§ **What to produce**
In the records below, count every line that includes the word "union". Provide the total alone.

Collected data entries

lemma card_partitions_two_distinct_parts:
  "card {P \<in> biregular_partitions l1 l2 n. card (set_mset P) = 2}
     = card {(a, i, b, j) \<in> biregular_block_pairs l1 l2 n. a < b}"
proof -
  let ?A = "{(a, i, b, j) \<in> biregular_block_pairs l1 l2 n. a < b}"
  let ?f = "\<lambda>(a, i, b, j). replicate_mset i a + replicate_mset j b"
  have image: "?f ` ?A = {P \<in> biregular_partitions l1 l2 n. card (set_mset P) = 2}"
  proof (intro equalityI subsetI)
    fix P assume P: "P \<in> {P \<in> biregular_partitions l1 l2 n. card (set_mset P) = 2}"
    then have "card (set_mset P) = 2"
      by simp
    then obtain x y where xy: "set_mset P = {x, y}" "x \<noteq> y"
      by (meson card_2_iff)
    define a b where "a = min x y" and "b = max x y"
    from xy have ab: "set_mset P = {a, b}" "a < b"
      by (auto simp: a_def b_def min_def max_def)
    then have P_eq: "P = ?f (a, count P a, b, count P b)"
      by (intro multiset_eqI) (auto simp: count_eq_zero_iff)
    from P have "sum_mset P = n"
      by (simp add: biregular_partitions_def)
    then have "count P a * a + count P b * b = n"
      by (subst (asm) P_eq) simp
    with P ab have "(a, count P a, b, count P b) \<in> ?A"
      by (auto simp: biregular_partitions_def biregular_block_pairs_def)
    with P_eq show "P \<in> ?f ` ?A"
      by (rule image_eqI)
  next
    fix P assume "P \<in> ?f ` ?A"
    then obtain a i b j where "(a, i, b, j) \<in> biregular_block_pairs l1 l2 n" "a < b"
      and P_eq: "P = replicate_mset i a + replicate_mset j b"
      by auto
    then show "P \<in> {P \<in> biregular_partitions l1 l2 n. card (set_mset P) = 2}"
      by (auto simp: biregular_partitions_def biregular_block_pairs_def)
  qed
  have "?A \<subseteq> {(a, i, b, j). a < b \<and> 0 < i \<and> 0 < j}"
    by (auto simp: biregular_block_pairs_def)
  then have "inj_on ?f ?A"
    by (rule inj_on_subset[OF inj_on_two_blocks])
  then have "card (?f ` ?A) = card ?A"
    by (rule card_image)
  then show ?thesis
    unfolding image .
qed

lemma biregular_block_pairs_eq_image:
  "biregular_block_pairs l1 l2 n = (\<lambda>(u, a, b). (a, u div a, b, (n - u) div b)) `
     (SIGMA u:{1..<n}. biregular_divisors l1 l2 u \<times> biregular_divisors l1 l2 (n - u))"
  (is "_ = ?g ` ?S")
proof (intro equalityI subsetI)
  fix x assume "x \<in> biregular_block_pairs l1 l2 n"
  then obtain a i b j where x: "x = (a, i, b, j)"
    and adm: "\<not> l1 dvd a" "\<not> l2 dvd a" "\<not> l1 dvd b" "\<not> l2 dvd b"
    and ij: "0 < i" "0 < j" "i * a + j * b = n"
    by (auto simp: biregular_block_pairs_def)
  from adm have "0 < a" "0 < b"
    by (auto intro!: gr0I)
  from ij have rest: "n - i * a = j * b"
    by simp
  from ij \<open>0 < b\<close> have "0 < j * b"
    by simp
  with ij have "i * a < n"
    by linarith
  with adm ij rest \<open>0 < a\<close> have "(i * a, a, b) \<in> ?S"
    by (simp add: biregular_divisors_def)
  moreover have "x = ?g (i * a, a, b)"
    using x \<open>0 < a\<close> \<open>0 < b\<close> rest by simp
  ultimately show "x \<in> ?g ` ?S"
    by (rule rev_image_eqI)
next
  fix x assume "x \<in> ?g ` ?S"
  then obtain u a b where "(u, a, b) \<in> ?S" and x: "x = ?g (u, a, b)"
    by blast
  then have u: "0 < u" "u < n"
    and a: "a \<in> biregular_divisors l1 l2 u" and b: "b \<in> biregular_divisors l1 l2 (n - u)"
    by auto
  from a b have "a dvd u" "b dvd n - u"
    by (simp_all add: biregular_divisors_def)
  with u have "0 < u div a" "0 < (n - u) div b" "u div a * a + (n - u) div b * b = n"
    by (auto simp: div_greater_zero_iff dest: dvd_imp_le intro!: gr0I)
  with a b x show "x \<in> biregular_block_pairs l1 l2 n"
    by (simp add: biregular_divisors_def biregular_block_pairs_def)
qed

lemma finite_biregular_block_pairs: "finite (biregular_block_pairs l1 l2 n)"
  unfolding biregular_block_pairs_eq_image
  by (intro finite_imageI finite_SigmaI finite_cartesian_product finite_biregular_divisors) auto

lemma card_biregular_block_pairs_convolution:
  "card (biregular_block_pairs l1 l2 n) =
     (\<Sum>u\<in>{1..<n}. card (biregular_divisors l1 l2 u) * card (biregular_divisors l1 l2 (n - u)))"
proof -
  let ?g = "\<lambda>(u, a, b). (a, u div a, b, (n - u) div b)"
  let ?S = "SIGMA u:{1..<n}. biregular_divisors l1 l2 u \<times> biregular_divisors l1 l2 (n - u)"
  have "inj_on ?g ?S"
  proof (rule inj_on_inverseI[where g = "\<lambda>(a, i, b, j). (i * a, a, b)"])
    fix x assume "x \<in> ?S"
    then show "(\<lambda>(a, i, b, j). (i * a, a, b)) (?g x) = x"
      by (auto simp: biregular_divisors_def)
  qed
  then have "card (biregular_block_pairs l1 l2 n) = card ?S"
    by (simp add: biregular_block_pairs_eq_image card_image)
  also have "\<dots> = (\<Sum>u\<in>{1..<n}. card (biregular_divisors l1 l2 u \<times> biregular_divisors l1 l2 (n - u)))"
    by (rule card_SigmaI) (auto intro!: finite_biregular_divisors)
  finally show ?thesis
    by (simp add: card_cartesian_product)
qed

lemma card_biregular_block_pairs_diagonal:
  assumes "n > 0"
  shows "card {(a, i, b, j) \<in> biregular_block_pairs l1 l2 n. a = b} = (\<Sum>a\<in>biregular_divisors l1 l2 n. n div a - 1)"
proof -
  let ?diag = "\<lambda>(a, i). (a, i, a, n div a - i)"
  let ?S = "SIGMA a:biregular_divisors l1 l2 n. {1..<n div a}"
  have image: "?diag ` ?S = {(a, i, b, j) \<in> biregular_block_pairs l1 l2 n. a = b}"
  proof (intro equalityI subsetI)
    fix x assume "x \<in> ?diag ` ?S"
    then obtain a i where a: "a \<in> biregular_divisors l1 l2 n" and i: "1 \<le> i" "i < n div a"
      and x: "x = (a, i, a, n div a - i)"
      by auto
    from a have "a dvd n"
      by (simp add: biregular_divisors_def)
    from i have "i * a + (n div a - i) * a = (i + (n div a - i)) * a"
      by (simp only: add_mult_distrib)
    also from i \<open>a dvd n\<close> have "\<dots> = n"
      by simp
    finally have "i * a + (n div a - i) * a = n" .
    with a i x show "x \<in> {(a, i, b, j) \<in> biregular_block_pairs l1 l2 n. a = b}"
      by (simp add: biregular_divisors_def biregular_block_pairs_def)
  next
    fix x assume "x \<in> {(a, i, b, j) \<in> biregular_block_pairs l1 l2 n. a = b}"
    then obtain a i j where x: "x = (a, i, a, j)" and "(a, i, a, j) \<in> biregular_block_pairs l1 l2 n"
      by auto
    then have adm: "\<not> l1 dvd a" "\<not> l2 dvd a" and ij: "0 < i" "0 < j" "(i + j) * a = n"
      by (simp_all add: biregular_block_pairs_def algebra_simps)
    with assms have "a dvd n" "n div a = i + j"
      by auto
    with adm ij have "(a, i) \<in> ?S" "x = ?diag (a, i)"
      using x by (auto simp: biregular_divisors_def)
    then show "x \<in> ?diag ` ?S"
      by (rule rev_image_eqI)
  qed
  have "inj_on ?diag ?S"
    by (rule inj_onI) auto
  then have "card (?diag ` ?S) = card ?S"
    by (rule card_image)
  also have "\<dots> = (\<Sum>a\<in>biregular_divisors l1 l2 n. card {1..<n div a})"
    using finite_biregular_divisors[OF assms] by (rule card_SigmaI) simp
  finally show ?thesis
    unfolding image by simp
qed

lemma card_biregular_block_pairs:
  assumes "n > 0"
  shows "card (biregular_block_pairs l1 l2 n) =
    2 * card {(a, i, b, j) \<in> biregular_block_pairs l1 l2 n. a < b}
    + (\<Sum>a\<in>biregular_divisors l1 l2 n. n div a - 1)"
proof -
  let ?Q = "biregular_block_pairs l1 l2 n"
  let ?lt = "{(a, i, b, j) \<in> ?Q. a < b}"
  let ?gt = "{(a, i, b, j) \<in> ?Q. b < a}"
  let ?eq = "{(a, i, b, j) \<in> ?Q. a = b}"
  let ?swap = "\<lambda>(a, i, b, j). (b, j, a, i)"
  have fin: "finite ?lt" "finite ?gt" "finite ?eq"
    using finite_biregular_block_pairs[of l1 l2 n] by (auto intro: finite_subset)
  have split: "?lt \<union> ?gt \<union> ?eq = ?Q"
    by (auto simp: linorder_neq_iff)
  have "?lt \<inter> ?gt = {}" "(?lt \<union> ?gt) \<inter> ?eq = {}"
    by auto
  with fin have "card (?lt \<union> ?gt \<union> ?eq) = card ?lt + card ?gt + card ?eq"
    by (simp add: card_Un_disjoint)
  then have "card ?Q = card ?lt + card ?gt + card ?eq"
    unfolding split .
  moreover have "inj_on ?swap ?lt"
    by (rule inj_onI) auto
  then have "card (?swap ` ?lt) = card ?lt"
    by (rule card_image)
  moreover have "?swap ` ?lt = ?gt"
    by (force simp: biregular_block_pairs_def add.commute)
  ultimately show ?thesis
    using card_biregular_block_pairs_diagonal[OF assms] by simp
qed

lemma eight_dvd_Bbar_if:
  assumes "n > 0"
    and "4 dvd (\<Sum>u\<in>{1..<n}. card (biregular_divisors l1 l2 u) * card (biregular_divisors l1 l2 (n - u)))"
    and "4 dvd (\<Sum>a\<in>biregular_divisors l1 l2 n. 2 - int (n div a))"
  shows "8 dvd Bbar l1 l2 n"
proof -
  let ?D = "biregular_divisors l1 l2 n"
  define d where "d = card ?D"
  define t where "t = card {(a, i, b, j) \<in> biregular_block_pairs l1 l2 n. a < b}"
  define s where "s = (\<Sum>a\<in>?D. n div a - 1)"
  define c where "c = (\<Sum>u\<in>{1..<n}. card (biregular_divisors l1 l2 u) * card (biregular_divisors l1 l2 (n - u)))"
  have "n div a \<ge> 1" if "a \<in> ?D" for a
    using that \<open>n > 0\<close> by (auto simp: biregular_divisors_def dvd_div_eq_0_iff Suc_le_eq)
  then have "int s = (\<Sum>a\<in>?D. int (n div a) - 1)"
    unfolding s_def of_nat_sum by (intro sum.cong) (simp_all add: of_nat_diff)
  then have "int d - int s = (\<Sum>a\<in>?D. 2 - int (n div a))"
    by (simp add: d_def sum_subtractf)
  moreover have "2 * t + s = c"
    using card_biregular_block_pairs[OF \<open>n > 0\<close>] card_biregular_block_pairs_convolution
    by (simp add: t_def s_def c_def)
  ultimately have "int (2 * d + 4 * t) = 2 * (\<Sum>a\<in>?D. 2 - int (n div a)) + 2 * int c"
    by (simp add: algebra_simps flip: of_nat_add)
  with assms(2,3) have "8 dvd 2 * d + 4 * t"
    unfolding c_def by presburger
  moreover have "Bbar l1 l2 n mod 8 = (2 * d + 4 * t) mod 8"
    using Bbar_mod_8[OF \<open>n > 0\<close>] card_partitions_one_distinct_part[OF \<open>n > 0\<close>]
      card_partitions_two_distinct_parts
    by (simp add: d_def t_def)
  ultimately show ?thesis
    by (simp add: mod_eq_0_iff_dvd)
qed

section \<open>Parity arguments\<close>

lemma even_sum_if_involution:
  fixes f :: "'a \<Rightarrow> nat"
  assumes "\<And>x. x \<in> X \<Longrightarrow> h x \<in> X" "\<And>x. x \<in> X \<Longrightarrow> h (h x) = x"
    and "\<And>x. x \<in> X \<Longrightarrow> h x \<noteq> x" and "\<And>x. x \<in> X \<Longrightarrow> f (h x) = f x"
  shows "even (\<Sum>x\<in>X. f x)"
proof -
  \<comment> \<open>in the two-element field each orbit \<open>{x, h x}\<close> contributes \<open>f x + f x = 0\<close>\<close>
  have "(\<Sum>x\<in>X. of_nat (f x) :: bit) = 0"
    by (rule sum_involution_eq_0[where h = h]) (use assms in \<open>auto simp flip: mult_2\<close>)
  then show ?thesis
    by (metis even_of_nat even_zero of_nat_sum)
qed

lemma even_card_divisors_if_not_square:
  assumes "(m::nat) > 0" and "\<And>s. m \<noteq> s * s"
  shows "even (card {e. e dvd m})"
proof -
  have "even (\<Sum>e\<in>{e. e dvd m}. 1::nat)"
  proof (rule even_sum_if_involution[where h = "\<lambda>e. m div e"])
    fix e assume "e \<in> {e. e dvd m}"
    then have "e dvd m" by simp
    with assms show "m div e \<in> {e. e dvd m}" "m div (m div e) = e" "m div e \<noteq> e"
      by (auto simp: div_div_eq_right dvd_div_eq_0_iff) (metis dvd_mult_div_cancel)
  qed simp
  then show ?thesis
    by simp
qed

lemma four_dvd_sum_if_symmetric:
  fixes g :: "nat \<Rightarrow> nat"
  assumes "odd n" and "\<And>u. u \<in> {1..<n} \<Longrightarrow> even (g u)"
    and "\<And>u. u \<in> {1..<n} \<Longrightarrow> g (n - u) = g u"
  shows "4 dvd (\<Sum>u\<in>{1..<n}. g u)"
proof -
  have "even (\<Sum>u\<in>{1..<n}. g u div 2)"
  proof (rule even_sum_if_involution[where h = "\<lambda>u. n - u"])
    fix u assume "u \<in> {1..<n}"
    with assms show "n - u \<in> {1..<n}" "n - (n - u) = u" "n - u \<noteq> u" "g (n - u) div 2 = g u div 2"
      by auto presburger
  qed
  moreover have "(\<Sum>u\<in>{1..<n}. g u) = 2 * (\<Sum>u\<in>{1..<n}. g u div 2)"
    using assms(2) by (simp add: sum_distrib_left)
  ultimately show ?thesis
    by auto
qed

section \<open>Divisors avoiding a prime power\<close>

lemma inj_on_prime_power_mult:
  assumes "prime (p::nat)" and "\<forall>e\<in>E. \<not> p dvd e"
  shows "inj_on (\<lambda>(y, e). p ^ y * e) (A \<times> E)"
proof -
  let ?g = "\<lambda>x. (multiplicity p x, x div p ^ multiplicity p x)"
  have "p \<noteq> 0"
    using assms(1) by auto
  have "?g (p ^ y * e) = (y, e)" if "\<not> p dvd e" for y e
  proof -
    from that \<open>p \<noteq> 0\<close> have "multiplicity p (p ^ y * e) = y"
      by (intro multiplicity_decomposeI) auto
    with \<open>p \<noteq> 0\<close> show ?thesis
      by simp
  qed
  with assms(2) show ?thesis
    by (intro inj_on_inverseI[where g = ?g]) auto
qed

§ **Solution for this exercise**
3